And yet, despite their well celebrated successes, most experts would agree that
feed-forward neural nets are still rather limited in what they can achieve. Why?
Because the task of "classification" is only one small component of the incredible
computational power of the human brain. We're wired not only to recognize individual
instances but to also analyze entire sequences of inputs. These sequences are ultra
rich in information, have complex time dependencies, and can be of arbitrary length.
For example, vision, motor control, speech, and comprehension all require us to process
high-dimensional inputs as they change over time. This is something that feed-forward
nets are incredibly poor at modeling.
What is a Recurrent Neural Net?
===============================
One quite promising solution to tackling the problem of learning sequences of information
is the recurrent neural network (RNN). RNNs are built on the same computational unit as
the feed forward neural net, but differ in the architecture of how these neurons are
connected to one another. Feed forward neural networks were organized in layers, where
information flowed unidirectionally from input units to output units. There were no undirected
cycles in the connectivity patterns. Although neurons in the brain do contain undirected
cycles as well as connections within layers, we chose to impose these restrictions to simplify
the training process at the expense of computational versatility. Thus, to create more powerful
compuational systems, we allow RNNs to break these artificially imposed rules. RNNs do not have
to be organized in layers and directed cycles are allowed. In fact, neurons are actually allowed
to be connected to themselves.
.. figure:: pics/rnn_0.png
:width: 80%
An example schematic of a RNN with directed cycles and self connectivities.
The RNN consists of a bunch of input units, labeled :math:`u_1, \cdots ,u_K`, and output units,
labeled :math:`y_1, \codts ,y_L`. There are also the hidden units :math:`x_1, \cdots , x_N`, which
do most of the interesting work. You'll notice that the illustration shows a unidirectional flow of
information from the input units to the hidden units as well as another unidirectional flow of
information from the hidden units to the output units. In some cases, RNNs break the latter restriction
with connections leading from the output units back to the hidden units. These are called
"backprojections," and don't make the analysis of RNNs too much more complicated. The same techniques
we will discuss here will also apply to RNNs with backprojections.
There are a lot of pretty challenging technical difficulties that arise when training recurrent neural
networks, and it's still a very active area of research.
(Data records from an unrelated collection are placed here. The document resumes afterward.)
(* Let $f:X\to\mathcal G$ be a convex function and $x,u\in X$. Define $g:(0,+\infty)\to\mathcal G$ by $g(t)=\frac1t\big(f(x+tu)\ominus f(x)\big)$. Then for all $0<s\le t$ it holds $g(s)\supseteq g(t)$.
   Context: $X$ is a real linear space, $Z$ a real locally convex Hausdorff space, $C\subseteq Z$ a closed convex cone with $0\in C$ and nontrivial $C^-=\{z^*\in Z^*: z^*(c)\le 0\ \forall c\in C\}$. $\mathcal G=\{A\subseteq Z: A=\operatorname{cl}\operatorname{co}(A+C)\}$; $A\oplus B=\operatorname{cl}\{a+b: a\in A, b\in B\}$, $tA=\{ta: a\in A\}$ ($t>0$), $A\ominus B=\{z\in Z: B+\{z\}\subseteq A\}$. $f$ is convex if $f(tx_1+(1-t)x_2)\supseteq tf(x_1)\oplus(1-t)f(x_2)$ for all $x_1,x_2\in X$, $t\in(0,1)$. *)

theory Defs
  imports "HOL-Analysis.Analysis"
begin

text \<open>Z is a real locally convex Hausdorff topological vector space. Hausdorffness is the
type class t2_space; the remaining axioms are collected in this predicate.\<close>
definition locally_convex_tvs :: "('z::{real_vector,t2_space}) itself \<Rightarrow> bool" where
  "locally_convex_tvs _ \<longleftrightarrow>
     continuous_on UNIV (\<lambda>p::'z \<times> 'z. fst p + snd p) \<and>
     continuous_on UNIV (\<lambda>p::real \<times> 'z. fst p *\<^sub>R snd p) \<and>
     (\<forall>U::'z set. open U \<and> 0 \<in> U \<longrightarrow> (\<exists>V. open V \<and> 0 \<in> V \<and> convex V \<and> V \<subseteq> U))"

definition dual_space :: "('z::{real_vector,topological_space} \<Rightarrow> real) set" where
  "dual_space = {zs. linear zs \<and> continuous_on UNIV zs}"

definition neg_dual_cone :: "'z::{real_vector,topological_space} set \<Rightarrow> ('z \<Rightarrow> real) set" where
  "neg_dual_cone C = {zs \<in> dual_space. \<forall>c\<in>C. zs c \<le> 0}"

definition msum :: "'z::real_vector set \<Rightarrow> 'z set \<Rightarrow> 'z set" where
  "msum A B = {a + b | a b. a \<in> A \<and> b \<in> B}"

definition Gsp :: "'z::{real_vector,topological_space} set \<Rightarrow> 'z set set" where
  "Gsp C = {A. A = closure (convex hull (msum A C))}"

definition oplus :: "'z::{real_vector,topological_space} set \<Rightarrow> 'z set \<Rightarrow> 'z set" where
  "oplus A B = closure (msum A B)"

definition smul_set :: "real \<Rightarrow> 'z::real_vector set \<Rightarrow> 'z set" where
  "smul_set t A = (\<lambda>a. t *\<^sub>R a) ` A"

definition ominus :: "'z::real_vector set \<Rightarrow> 'z set \<Rightarrow> 'z set" where
  "ominus A B = {z. (\<lambda>b. b + z) ` B \<subseteq> A}"

definition convex_setval :: "('x::real_vector \<Rightarrow> 'z::{real_vector,topological_space} set) \<Rightarrow> bool" where
  "convex_setval f \<longleftrightarrow>
     (\<forall>x1 x2 t. 0 < t \<and> t < 1 \<longrightarrow>
        oplus (smul_set t (f x1)) (smul_set (1 - t) (f x2)) \<subseteq> f (t *\<^sub>R x1 + (1 - t) *\<^sub>R x2))"

end

theory Submission
  imports Defs
begin

text \<open>If \<open>b \<in> f x\<close> and \<open>b + w \<in> f (x + v)\<close>, then convexity of \<open>f\<close> on the segment from \<open>x\<close> to
\<open>x + v\<close> puts \<open>\<lambda>(b + w) + (1 - \<lambda>) b = b + \<lambda>w\<close> into \<open>f (x + \<lambda>v)\<close>; take \<open>v = t u\<close>, \<open>\<lambda> = s / t\<close>.\<close>

lemma convex_setval_combination:
  assumes "convex_setval f" "0 < l" "l < 1" "a \<in> f y1" "b \<in> f y2"
  shows "l *\<^sub>R a + (1 - l) *\<^sub>R b \<in> f (l *\<^sub>R y1 + (1 - l) *\<^sub>R y2)"
proof -
  have "l *\<^sub>R a + (1 - l) *\<^sub>R b \<in> msum (smul_set l (f y1)) (smul_set (1 - l) (f y2))"
    unfolding msum_def smul_set_def using assms(4,5) by blast
  then have "l *\<^sub>R a + (1 - l) *\<^sub>R b \<in> oplus (smul_set l (f y1)) (smul_set (1 - l) (f y2))"
    unfolding oplus_def using closure_subset by blast
  then show ?thesis
    using assms(1-3) unfolding convex_setval_def by blast
qed

lemma convex_setval_ominus_scaleR:
  assumes f: "convex_setval f" and l: "0 < l" "l \<le> 1"
    and w: "w \<in> ominus (f (x + v)) (f x)"
  shows "l *\<^sub>R w \<in> ominus (f (x + l *\<^sub>R v)) (f x)"
proof (cases "l = 1")
  case True
  then show ?thesis using w by simp
next
  case False
  have "b + l *\<^sub>R w \<in> f (x + l *\<^sub>R v)" if b: "b \<in> f x" for b
  proof -
    have "b + w \<in> f (x + v)" using w b by (auto simp: ominus_def)
    then have "l *\<^sub>R (b + w) + (1 - l) *\<^sub>R b \<in> f (l *\<^sub>R (x + v) + (1 - l) *\<^sub>R x)"
      using convex_setval_combination[OF f] l False b by simp
    then show ?thesis by (simp add: algebra_simps)
  qed
  then show ?thesis by (auto simp: ominus_def)
qed

theorem mainTheorem7:
  fixes f :: "'x::real_vector \<Rightarrow> 'z::{real_vector,t2_space} set"
    and C :: "'z set" and x u :: 'x and s t :: real
  assumes Z: "locally_convex_tvs TYPE('z)"
    and C_closed: "closed C" and C_convex: "convex C" and C_cone: "cone C" and C_zero: "0 \<in> C"
    and C_dual: "neg_dual_cone C \<noteq> {\<lambda>z. 0}"
    and f_G: "\<forall>y. f y \<in> Gsp C"
    and f_convex: "convex_setval f"
    and g_def: "g = (\<lambda>r. smul_set (1 / r) (ominus (f (x + r *\<^sub>R u)) (f x)))"
    and st: "0 < s" "s \<le> t"
  shows "g t \<subseteq> g s"
proof
  fix z assume "z \<in> g t"
  then obtain w where z: "z = (1 / t) *\<^sub>R w" and w: "w \<in> ominus (f (x + t *\<^sub>R u)) (f x)"
    by (auto simp: g_def smul_set_def)
  have "(s / t) *\<^sub>R w \<in> ominus (f (x + s *\<^sub>R u)) (f x)"
    using convex_setval_ominus_scaleR[OF f_convex _ _ w, of "s / t"] st by simp
  moreover have "z = (1 / s) *\<^sub>R ((s / t) *\<^sub>R w)" using z st by simp
  ultimately show "z \<in> g s" unfolding g_def smul_set_def by blast
qed

end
Hopefully by the end of this article, we'll have
a solid understanding of how RNNs work and some of the results that have been achieved!
Simulating a Recurrent Neural Network
=====================================
Now that we understand how a RNN is structured, we can discuss how it's able to simulate a sequence of
events. Let's consider a neat toy example of a recurrent neural net acting like an timer module, a classic
example designed by Herbert Jaeger (his original manuscript can be found in [1]_).
.. figure:: pics/rnn_1.png
:width: 80%
A simple example of how a perfect RNN would simulate a timer.
In this case, we have two inputs. The input :math:`u1` corresponds to a binary switch which spikes to
one when the RNN is supposed to start the timer. The input :math:`u2` is a discrete variable that varies
between :math:`0.1` and :math:`1.0` inclusive which corresponds to how long the output should be turned
on if the timer is started at that instant. The RNN's specification requires it to turn on the output for
a duration of :math:`1000 u_2`. Finally, the outputs in the training examples toggle between :math:`0` (off)
and :math:`0.5` (on).
But how exactly would a neural net achieve this calculation? First, the RNN has all of its hidden activities
initialized to some pre-determined state. Then at each time step (time :math:`t=1,2,\cdots`), every hidden
unit sends its current activity through all its outgoing connections. It then recalculate its new activity by
computing the weighted sum (logit) of its inputs from other neurons (including itself if there is a self
connection) and the current values of the inputs, and then feeding this value into a neuron-specific function
(a straightforward copy operation, sigmoid transform, soft-max, etc.). Because the previous vector of activities
is used to compute the vector of activies in each time step, RNNs are able to retain memory of previous events
and utlize this memory in making decisions.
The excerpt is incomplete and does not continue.